B. Analysis and Conclusions
The Authority finds that the Agency has failed to establish that the
Arbitrator improperly considered the grievant's retained grade in
determining his entitlement to retreat to the GS-12 Community Planning
and Development Specialist position. Rather, the Arbitrator's award is
specifically founded on his interpretation of the express language of
FPM letter 351-14 and his conclusion that the grievant was entitled to
lateral reassignment to the position he had previously held and from
which he had been promoted. It is clear that the thrust of the Agency's
argument constitutes nothing more than disagreement with the
Arbitrator's reasoning and conclusions based on the evidence before him.

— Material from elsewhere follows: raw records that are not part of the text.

lemma tracks_snoc_Inr:
  assumes "tracks h I" "I = shadow h" "odd (length h)"
  shows "tracks (h @ [Inr (\<tau>' h)]) (sim_step V E (legal_vertex V) I (Inr (\<tau>' h)))"
proof (cases "ended V E I")
  case False
  from assms False have legal: "legal V E I" and follows: "bob_follows \<tau> I"
    and sync: "length I = length h" "ME I = ME h" "MV h \<inter> V \<subseteq> MV I"
    unfolding tracks_def by auto
  have "\<tau>' h = \<tau> I" "\<tau> I \<in> E - ME I" using bob_lift_eq assms False by blast+
  moreover have "odd (length I)" using sync assms by simp
  ultimately have "sim_step V E (legal_vertex V) I (Inr (\<tau>' h)) = I @ [Inr (\<tau> I)]"
    and "legal V E (I @ [Inr (\<tau> I)])"
    using legal by (auto simp: sim_step_def intro: legal_snoc_Inr)
  then show ?thesis
    unfolding tracks_def using \<open>\<tau>' h = \<tau> I\<close> follows sync by (simp add: bob_follows_snoc_iff)
qed (use assms(1) in \<open>simp add: sim_step_ended tracks_snoc_ended\<close>)

context
  fixes \<sigma>' :: "'a hist \<Rightarrow> 'a"
begin

abbreviation real_play :: "nat \<Rightarrow> 'a hist" where
  "real_play t \<equiv> play V' E' \<sigma>' \<tau>' t"

abbreviation shadow_play :: "nat \<Rightarrow> 'a hist" where
  "shadow_play t \<equiv> shadow (real_play t)"

lemma tracks_play: "tracks (real_play t) (shadow_play t)"
proof (induction t)
  case 0
  then show ?case by (simp add: tracks_Nil)
next
  case (Suc t)
  consider "real_play (Suc t) = real_play t"
    | "even (length (real_play t))" "real_play (Suc t) = real_play t @ [Inl (\<sigma>' (real_play t))]"
    | "odd (length (real_play t))" "real_play (Suc t) = real_play t @ [Inr (\<tau>' (real_play t))]"
    using play_Suc_cases[of V' E' \<sigma>' \<tau>' t] by (auto split: if_splits)
  then show ?case
    by cases (use Suc.IH tracks_snoc_Inl tracks_snoc_Inr in auto)
qed

lemma shadow_play_Suc:
  assumes "\<not> ended V E (shadow_play t)"
  shows "\<exists>m. shadow_play (Suc t) = shadow_play t @ [m]"
proof -
  have tracks: "tracks (real_play t) (shadow_play t)" by (rule tracks_play)
  then have sync: "length (shadow_play t) = length (real_play t)"
    using assms unfolding tracks_def by auto
  have "\<not> ended V' E' (real_play t)" using not_ended_if_tracks tracks assms by blast
  then have next_move: "real_play (Suc t) = real_play t @
     [if even (length (real_play t)) then Inl (\<sigma>' (real_play t)) else Inr (\<tau>' (real_play t))]"
    by (rule play_Suc_not_ended)
  show ?thesis
  proof (cases "even (length (real_play t))")
    case True
    with assms sync show ?thesis using next_move by (auto simp: sim_step_def ended_def)
  next
    case False
    then have "\<tau>' (real_play t) = \<tau> (shadow_play t)" "\<tau> (shadow_play t) \<in> E - ME (shadow_play t)"
      using bob_lift_eq[OF tracks refl _ assms] by auto
    with False sync show ?thesis using next_move by (auto simp: sim_step_def)
  qed
qed
lemma interp_cong: "(\<And>v. v \<in> vars t \<Longrightarrow> \<rho> v = \<rho>' v) \<Longrightarrow> interp \<rho> t = interp \<rho>' t"
  by (induction t) auto

lemma subst_Var: "subst Var t = t"
  by (induction t) simp_all

lemma interp_subst: "interp \<rho> (subst \<sigma> t) = interp (\<lambda>v. interp \<rho> (\<sigma> v)) t"
  by (induction t) simp_all

lemma interp_abs_ka_Var: "interp (\<lambda>v. abs_ka (Var v)) = abs_ka"
proof
  show "interp (\<lambda>v. abs_ka (Var v)) t = abs_ka t" for t
    by (induction t)
      (simp_all add: inf_ka.abs_eq sup_ka.abs_eq uminus_ka.abs_eq bot_ka.abs_eq top_ka.abs_eq)
qed

lemma abs_ka_subst: "abs_ka (subst \<sigma> t) = interp (abs_ka \<circ> \<sigma>) t"
proof -
  have "abs_ka (subst \<sigma> t) = interp (\<lambda>v. abs_ka (Var v)) (subst \<sigma> t)"
    by (simp only: interp_abs_ka_Var)
  also have "\<dots> = interp (abs_ka \<circ> \<sigma>) t"
    by (subst interp_subst) (simp add: interp_abs_ka_Var comp_def)
  finally show ?thesis .
qed

definition mux_term :: "kterm \<Rightarrow> kterm \<Rightarrow> kterm \<Rightarrow> kterm" where
  "mux_term z a b = Join (Join (Meet z a) (Meet (Neg z) b)) (Meet z (Neg z))"

fun muxs_term :: "(nat \<Rightarrow> kterm) \<Rightarrow> kterm list \<Rightarrow> kterm" where
  "muxs_term z [t] = t"
| "muxs_term z (t # ts) = mux_term (z 0) t (muxs_term (z \<circ> Suc) ts)"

Consequently, the exception does not provide a basis for finding the
award deficient. See, e.g., Federal Correctional Institution,
Petersburg, Virginia and American Federation of Government Employees,
Local 2052, Petersburg, Virginia, 13 FLRA 108 (1983).
V. DECISION
Accordingly, for the above reasons, the Agency's exceptions are
denied.
Issued, Washington, D.C., May 12, 1986.
/s/ Jerry L. Calhoun, Chairman
/s/ Henry B. Frazier III, Member
FEDERAL LABOR RELATIONS AUTHORITY
--------------- FOOTNOTES$ ---------------
(1) FPM letter 351-14 provides, in pertinent part:
When an agency is unable to offer an employee who has been
released from his or her competitive level a position at the same
grade or rate through reassignment or bumping rights, the agency
then determines whether the employee has RETREAT rights to a
better offer of assignment.
An employee has retreat rights ONLY to positions that are
identical or essentially the same as positions he or she actually
held in the past, and from which or through which the employee was
subsequently promoted. An employee does not acquire retreat
rights by merely being qualified for a position held by an
employee in the same subgroup.
* * * * * * *
Retreat rights are almost always to positions at a lower grade.
In order for an employee to have retreat rights to a position at
his or her present grade, the employee must have formerly held a
position at the present grade and have been promoted out of it to
another position. In short, the employee must have held a
position with a grade which is higher than his or her present
grade.
(2) McMahon v. Department of the Army, MSPB Docket No. SL03518210290
(June 7, 1984).
(3) The Authority notes that the most recent final regulations
governing RIF's, 5 CFR part 351 (1986), promulgated by OPM also do not
prohibit lateral reassignments or restrict retreat rights only to
positions at lower grades. In that regard, the Authority further notes
that the supplementary information published by OPM concerning these
most recent regulations clearly indicates that an employee has retreat
rights to positions at the same grade level which were previously held
by the employee. 51 Fed. Reg. 318 (Jan. 3, 1986).